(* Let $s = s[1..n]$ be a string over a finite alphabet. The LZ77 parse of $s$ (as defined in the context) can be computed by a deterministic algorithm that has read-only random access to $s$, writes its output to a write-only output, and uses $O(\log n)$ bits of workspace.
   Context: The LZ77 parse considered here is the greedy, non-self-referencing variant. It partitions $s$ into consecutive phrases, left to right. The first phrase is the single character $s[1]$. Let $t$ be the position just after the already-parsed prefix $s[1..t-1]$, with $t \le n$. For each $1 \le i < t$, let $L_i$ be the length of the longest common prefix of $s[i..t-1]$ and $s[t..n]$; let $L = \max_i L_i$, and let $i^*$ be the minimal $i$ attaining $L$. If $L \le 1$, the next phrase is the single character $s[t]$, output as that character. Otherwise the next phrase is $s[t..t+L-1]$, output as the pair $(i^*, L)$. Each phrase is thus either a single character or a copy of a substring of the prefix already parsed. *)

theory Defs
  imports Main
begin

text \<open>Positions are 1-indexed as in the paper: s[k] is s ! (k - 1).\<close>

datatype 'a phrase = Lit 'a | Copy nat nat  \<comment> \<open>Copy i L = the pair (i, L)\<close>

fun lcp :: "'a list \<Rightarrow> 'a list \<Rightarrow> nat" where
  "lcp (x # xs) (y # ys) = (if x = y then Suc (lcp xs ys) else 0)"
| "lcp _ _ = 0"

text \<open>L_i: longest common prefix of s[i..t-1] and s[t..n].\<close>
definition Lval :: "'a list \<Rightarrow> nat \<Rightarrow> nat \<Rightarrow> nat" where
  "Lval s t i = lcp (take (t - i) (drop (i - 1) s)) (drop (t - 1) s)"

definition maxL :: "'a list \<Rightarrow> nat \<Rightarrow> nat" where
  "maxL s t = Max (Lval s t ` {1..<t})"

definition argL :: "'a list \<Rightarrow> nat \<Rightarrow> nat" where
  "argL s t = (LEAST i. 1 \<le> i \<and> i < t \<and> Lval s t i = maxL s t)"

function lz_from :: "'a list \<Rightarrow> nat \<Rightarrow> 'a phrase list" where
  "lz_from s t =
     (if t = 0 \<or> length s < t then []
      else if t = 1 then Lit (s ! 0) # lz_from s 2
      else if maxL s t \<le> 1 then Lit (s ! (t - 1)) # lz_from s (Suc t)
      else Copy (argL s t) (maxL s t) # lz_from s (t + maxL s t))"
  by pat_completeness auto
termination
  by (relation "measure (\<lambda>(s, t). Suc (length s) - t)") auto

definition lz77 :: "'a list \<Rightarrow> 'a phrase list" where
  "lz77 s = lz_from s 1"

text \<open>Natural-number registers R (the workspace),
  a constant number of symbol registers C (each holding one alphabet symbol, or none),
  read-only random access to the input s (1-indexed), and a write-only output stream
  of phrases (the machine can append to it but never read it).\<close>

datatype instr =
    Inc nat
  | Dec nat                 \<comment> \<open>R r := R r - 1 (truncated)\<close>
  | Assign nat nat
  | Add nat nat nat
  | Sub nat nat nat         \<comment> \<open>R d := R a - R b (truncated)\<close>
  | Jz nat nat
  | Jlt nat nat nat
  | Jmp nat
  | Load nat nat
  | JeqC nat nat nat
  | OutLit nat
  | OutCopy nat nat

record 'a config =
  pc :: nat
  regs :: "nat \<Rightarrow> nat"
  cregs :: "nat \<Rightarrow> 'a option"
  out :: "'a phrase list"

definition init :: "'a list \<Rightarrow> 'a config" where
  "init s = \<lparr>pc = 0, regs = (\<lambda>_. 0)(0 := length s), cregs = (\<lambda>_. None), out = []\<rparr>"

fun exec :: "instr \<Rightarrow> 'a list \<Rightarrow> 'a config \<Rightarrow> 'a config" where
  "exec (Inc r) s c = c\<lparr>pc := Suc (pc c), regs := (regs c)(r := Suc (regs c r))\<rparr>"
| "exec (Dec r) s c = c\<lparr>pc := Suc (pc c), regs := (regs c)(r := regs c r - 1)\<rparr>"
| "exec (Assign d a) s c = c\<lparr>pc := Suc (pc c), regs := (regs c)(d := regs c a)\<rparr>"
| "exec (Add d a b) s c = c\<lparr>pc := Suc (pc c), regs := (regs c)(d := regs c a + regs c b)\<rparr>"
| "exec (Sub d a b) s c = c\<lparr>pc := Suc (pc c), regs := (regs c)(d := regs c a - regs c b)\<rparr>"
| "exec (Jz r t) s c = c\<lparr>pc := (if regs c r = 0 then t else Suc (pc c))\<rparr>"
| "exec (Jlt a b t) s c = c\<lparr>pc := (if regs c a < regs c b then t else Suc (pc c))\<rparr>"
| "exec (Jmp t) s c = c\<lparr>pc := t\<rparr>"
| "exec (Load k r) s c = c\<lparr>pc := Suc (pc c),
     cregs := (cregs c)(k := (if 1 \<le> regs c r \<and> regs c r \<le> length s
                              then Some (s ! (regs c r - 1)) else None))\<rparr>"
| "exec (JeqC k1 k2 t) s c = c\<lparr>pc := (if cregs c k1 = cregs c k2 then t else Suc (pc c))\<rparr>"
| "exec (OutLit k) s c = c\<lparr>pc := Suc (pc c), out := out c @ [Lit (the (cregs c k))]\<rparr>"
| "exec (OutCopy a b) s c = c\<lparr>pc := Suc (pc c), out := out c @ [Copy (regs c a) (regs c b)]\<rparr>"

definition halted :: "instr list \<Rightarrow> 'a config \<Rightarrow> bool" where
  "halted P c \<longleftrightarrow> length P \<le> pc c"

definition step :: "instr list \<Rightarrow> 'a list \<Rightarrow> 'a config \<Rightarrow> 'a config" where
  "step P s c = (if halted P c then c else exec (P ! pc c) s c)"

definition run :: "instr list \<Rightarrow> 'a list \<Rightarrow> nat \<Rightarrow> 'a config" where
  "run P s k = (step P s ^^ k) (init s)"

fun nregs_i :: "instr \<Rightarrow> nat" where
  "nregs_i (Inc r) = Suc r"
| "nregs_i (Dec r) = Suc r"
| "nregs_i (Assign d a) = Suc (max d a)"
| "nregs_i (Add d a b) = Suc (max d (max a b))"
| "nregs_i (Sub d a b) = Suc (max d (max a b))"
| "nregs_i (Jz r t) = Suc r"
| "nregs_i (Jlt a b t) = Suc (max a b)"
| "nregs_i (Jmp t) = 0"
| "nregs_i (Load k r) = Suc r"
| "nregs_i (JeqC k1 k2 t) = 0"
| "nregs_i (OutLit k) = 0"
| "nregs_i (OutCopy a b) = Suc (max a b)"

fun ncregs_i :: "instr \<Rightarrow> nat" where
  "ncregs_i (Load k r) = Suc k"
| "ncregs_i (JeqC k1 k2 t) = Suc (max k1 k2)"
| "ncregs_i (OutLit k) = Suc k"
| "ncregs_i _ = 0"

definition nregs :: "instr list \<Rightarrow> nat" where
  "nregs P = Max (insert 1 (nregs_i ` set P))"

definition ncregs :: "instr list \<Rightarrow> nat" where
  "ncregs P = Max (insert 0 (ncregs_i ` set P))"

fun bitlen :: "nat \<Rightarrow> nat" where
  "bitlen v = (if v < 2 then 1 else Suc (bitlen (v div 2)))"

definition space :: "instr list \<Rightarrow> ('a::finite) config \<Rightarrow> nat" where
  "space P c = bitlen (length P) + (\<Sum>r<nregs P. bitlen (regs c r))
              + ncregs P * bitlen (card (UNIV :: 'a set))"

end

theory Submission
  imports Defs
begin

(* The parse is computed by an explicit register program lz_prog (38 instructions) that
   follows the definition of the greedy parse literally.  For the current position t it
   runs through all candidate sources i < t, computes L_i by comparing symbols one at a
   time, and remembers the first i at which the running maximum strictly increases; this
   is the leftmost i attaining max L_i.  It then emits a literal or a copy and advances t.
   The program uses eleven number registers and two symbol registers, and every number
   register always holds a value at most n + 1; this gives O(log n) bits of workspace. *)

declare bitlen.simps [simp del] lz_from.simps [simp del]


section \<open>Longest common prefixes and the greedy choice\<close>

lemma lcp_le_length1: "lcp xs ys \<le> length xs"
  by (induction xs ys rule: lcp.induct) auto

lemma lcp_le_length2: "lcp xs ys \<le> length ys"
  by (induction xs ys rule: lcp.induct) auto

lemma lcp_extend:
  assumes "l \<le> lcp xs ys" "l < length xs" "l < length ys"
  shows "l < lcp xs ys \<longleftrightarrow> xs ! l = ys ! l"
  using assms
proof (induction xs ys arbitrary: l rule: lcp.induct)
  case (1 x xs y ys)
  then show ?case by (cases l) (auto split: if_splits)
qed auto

****************

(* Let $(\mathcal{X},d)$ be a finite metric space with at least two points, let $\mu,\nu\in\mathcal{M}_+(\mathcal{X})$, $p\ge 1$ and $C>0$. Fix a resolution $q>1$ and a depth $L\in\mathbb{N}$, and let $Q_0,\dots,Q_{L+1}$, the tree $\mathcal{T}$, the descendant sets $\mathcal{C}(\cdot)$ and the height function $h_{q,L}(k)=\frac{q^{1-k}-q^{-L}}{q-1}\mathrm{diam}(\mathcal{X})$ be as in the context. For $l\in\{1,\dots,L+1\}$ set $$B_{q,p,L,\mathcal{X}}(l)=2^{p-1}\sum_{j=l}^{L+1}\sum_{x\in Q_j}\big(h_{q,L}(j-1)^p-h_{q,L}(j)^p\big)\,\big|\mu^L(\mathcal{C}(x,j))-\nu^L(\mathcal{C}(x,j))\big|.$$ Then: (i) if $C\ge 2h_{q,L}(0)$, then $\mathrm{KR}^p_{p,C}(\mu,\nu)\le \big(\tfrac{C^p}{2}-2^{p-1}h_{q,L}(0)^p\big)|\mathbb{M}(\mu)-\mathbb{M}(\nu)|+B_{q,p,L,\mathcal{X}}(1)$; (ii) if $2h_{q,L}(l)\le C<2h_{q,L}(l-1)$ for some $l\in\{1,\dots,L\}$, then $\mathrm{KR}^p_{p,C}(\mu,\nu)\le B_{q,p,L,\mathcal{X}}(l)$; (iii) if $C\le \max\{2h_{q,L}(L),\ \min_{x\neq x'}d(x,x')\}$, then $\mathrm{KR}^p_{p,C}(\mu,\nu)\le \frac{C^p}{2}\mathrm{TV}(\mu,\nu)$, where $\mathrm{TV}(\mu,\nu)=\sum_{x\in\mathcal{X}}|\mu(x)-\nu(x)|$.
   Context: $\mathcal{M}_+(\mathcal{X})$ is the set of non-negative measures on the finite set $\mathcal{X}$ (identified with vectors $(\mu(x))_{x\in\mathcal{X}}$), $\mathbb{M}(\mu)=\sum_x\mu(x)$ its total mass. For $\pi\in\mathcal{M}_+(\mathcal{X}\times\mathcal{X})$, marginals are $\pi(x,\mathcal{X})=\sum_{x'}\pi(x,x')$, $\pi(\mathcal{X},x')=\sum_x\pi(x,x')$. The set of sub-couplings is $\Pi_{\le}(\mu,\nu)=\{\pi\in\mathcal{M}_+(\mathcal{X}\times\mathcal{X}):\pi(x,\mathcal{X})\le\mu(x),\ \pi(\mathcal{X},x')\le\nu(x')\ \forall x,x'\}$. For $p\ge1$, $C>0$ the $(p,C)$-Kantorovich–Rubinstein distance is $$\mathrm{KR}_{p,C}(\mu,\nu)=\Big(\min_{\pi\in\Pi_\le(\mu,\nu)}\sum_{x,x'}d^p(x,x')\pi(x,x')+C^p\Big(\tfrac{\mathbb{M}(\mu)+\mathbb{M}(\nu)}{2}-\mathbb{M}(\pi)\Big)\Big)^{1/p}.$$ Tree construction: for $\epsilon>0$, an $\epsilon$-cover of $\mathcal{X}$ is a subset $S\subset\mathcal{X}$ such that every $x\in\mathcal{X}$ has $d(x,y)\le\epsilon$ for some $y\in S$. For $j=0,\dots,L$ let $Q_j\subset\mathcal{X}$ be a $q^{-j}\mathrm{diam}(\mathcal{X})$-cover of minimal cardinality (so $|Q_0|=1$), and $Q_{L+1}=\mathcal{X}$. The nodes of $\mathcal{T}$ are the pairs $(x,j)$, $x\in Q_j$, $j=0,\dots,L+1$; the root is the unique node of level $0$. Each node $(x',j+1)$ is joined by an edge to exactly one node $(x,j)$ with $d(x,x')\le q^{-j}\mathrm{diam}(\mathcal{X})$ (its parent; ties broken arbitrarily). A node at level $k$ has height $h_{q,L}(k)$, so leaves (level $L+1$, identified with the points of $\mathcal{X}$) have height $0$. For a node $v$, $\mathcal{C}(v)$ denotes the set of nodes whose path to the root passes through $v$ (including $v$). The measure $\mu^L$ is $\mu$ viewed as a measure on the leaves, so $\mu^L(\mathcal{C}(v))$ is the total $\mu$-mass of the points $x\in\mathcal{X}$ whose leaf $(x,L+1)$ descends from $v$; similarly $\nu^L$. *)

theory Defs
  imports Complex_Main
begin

****************

§ WHAT IS REQUIRED
Retype the entries above exactly, but only from the line containing "(if regs c r" through the line containing "[Copy (regs c", both included.

§ COMPLETED TASK
| "exec (Jz r t) s c = c\<lparr>pc := (if regs c r = 0 then t else Suc (pc c))\<rparr>"
| "exec (Jlt a b t) s c = c\<lparr>pc := (if regs c a < regs c b then t else Suc (pc c))\<rparr>"
| "exec (Jmp t) s c = c\<lparr>pc := t\<rparr>"
| "exec (Load k r) s c = c\<lparr>pc := Suc (pc c),
     cregs := (cregs c)(k := (if 1 \<le> regs c r \<and> regs c r \<le> length s
                              then Some (s ! (regs c r - 1)) else None))\<rparr>"
| "exec (JeqC k1 k2 t) s c = c\<lparr>pc := (if cregs c k1 = cregs c k2 then t else Suc (pc c))\<rparr>"
| "exec (OutLit k) s c = c\<lparr>pc := Suc (pc c), out := out c @ [Lit (the (cregs c k))]\<rparr>"
| "exec (OutCopy a b) s c = c\<lparr>pc := Suc (pc c), out := out c @ [Copy (regs c a) (regs c b)]\<rparr>"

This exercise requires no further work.